→ Task requirements
When a line of the entries below contains "shows", it counts once; state how many such lines there are and nothing else.

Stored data

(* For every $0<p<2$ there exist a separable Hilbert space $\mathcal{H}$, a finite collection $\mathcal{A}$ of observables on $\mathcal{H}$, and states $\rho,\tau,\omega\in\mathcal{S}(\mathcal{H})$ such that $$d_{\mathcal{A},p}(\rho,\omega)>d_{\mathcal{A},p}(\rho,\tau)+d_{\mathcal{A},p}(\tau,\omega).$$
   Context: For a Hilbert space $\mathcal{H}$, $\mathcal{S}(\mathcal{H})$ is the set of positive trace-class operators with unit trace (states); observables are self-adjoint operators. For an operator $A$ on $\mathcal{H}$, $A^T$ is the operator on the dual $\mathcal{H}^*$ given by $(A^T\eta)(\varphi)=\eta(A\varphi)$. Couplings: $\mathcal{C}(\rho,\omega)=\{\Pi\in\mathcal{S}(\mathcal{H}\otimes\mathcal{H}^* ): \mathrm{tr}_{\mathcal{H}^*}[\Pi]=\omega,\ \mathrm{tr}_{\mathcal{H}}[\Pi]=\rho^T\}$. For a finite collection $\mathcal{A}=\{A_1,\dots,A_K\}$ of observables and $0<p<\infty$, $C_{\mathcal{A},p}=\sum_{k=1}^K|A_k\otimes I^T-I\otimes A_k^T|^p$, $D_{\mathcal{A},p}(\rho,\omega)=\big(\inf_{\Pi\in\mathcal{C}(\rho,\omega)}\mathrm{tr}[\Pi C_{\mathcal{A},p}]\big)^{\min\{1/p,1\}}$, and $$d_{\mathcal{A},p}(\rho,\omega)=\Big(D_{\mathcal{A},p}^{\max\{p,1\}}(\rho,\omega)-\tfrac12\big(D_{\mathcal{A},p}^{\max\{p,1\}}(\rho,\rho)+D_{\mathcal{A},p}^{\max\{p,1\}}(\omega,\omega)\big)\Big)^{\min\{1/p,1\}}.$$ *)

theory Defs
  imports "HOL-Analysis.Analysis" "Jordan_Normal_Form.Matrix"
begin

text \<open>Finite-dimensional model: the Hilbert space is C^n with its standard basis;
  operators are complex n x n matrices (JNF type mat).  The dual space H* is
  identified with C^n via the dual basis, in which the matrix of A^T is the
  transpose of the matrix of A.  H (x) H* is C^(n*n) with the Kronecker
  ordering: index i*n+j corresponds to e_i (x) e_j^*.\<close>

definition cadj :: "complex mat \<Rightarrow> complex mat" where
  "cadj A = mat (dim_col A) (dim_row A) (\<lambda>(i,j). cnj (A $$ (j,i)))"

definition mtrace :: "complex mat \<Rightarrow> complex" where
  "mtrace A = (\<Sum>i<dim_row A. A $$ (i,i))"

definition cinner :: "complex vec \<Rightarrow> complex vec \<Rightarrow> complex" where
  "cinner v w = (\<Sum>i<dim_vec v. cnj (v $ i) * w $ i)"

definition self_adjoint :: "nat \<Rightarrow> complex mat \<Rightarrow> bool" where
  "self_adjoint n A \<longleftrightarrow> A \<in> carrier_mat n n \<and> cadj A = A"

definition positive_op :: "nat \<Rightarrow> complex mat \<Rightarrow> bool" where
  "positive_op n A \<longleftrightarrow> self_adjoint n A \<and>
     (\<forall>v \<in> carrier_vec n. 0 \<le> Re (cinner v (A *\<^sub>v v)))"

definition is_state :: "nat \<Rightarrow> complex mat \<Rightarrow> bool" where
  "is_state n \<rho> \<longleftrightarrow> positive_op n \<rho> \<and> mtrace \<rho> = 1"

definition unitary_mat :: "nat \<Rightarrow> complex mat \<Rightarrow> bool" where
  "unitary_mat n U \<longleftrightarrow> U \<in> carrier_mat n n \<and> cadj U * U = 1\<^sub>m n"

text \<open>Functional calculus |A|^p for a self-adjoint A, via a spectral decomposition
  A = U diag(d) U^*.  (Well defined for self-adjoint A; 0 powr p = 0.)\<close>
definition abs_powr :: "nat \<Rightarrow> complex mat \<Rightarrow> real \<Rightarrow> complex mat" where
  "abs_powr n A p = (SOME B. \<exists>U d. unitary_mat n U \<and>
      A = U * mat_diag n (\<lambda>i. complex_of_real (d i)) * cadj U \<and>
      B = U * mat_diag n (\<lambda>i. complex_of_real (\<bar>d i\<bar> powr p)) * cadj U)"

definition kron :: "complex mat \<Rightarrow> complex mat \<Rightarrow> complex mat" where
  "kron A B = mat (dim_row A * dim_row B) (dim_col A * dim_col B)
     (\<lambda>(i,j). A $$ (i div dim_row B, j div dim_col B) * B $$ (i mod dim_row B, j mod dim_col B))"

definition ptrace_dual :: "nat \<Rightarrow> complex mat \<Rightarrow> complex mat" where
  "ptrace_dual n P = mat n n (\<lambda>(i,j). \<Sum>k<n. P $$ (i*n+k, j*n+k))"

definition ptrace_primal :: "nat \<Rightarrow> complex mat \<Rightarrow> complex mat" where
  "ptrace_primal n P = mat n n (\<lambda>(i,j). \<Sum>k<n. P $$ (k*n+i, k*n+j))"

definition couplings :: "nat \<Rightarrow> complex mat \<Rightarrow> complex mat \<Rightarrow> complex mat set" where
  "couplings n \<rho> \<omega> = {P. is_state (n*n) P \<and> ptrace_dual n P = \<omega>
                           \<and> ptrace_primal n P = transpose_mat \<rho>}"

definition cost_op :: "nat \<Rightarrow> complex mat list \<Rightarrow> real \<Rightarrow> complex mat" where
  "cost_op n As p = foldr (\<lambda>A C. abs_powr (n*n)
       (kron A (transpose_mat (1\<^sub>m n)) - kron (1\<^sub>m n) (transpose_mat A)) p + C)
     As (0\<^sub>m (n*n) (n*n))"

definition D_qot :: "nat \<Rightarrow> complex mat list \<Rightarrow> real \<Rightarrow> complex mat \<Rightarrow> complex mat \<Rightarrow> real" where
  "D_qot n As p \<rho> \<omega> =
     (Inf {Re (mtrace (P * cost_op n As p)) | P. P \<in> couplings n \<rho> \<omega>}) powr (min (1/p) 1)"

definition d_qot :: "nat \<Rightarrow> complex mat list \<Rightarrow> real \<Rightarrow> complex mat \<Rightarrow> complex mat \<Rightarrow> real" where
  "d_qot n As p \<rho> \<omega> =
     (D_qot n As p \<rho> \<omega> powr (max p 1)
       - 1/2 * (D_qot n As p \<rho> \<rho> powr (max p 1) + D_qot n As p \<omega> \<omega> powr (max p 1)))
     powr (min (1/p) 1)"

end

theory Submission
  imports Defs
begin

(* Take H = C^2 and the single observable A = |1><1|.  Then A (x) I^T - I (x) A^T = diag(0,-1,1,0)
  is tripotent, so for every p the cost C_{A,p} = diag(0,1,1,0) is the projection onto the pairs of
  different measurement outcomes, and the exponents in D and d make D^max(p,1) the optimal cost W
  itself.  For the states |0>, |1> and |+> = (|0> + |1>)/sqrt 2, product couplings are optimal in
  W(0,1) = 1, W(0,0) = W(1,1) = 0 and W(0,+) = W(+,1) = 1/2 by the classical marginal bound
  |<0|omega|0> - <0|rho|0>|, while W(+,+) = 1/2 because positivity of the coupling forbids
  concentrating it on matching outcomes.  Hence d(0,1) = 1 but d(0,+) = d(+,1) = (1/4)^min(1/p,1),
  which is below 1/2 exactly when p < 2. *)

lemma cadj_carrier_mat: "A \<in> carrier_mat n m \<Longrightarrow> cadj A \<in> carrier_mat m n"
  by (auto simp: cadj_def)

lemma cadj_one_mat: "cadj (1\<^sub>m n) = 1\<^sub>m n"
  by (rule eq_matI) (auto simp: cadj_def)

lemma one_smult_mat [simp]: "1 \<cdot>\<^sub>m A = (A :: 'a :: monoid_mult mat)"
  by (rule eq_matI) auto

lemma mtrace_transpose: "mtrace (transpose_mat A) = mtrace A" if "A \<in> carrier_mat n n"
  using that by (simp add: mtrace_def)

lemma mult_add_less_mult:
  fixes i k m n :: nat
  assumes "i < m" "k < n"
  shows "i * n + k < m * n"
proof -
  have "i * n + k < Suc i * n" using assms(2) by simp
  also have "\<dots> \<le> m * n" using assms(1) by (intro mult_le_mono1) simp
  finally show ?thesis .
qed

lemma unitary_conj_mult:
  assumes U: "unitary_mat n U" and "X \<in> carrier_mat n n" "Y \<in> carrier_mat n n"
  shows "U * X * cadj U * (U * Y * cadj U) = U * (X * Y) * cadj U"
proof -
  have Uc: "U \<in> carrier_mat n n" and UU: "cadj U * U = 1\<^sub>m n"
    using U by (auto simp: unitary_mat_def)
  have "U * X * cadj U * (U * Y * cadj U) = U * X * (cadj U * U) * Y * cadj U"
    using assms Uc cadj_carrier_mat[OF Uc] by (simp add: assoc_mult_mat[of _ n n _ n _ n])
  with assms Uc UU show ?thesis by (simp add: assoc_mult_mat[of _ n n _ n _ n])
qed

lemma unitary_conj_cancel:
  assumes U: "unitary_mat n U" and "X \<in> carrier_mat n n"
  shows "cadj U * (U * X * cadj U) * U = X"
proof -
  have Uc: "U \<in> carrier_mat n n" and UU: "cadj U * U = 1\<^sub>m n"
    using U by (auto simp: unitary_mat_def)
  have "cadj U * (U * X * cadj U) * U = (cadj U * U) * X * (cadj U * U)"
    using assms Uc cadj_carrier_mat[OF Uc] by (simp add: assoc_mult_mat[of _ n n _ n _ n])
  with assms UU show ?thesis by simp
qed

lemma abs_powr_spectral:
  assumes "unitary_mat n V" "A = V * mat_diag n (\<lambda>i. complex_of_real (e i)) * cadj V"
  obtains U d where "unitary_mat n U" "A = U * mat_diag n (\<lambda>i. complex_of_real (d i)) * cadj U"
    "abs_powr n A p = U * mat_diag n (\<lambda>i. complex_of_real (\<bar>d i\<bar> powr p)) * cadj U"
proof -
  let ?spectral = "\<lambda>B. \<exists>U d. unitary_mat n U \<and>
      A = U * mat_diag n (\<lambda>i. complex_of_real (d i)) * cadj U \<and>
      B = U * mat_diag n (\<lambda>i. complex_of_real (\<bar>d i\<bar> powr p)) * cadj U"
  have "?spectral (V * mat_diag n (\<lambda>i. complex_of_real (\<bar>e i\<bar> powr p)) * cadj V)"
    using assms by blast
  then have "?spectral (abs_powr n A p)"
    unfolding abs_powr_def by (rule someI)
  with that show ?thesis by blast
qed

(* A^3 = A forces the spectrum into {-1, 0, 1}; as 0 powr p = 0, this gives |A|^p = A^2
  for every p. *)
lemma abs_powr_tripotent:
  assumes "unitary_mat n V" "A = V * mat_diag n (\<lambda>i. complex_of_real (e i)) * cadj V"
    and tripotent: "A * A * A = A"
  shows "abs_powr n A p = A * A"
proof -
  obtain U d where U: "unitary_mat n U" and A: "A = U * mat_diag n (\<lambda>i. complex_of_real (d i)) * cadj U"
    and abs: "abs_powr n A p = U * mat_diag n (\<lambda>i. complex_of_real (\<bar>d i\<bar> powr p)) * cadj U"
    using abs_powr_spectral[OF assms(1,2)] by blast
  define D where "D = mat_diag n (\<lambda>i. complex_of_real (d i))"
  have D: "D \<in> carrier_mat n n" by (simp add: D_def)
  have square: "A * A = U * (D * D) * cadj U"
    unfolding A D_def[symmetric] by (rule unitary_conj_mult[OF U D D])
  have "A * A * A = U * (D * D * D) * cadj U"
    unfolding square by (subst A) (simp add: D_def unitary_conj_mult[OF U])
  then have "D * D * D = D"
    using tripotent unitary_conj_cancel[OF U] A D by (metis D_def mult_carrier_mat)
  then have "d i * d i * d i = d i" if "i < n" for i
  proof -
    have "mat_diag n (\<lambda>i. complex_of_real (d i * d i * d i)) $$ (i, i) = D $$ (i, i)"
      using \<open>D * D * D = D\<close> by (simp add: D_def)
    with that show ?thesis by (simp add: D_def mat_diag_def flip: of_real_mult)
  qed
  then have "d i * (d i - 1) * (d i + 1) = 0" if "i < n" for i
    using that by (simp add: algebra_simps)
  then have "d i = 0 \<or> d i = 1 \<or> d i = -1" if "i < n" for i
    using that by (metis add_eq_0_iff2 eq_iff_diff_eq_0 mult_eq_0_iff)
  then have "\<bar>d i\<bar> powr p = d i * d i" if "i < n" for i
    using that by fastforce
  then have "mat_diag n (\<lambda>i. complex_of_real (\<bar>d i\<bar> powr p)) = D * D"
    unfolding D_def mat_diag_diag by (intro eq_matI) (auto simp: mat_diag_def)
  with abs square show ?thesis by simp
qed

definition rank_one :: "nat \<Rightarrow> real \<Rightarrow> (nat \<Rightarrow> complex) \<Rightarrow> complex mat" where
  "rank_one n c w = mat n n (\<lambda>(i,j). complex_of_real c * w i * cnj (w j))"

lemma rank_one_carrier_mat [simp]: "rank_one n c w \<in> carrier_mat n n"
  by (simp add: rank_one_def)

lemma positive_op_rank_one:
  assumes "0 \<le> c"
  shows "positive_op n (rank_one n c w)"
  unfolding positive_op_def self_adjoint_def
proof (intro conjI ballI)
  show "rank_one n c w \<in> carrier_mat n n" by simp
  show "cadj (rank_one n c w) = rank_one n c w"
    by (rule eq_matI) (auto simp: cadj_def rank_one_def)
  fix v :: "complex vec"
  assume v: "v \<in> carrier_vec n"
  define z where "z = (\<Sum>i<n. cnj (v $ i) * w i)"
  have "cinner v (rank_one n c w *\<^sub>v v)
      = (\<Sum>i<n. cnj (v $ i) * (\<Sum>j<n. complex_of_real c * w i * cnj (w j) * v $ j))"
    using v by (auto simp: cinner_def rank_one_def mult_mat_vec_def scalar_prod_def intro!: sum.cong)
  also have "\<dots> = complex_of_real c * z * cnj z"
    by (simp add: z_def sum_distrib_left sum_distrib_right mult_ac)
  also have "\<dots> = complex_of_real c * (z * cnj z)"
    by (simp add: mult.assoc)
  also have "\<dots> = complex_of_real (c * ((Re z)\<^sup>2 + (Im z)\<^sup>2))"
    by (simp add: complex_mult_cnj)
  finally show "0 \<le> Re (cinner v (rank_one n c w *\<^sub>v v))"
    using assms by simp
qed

→ Answer section
5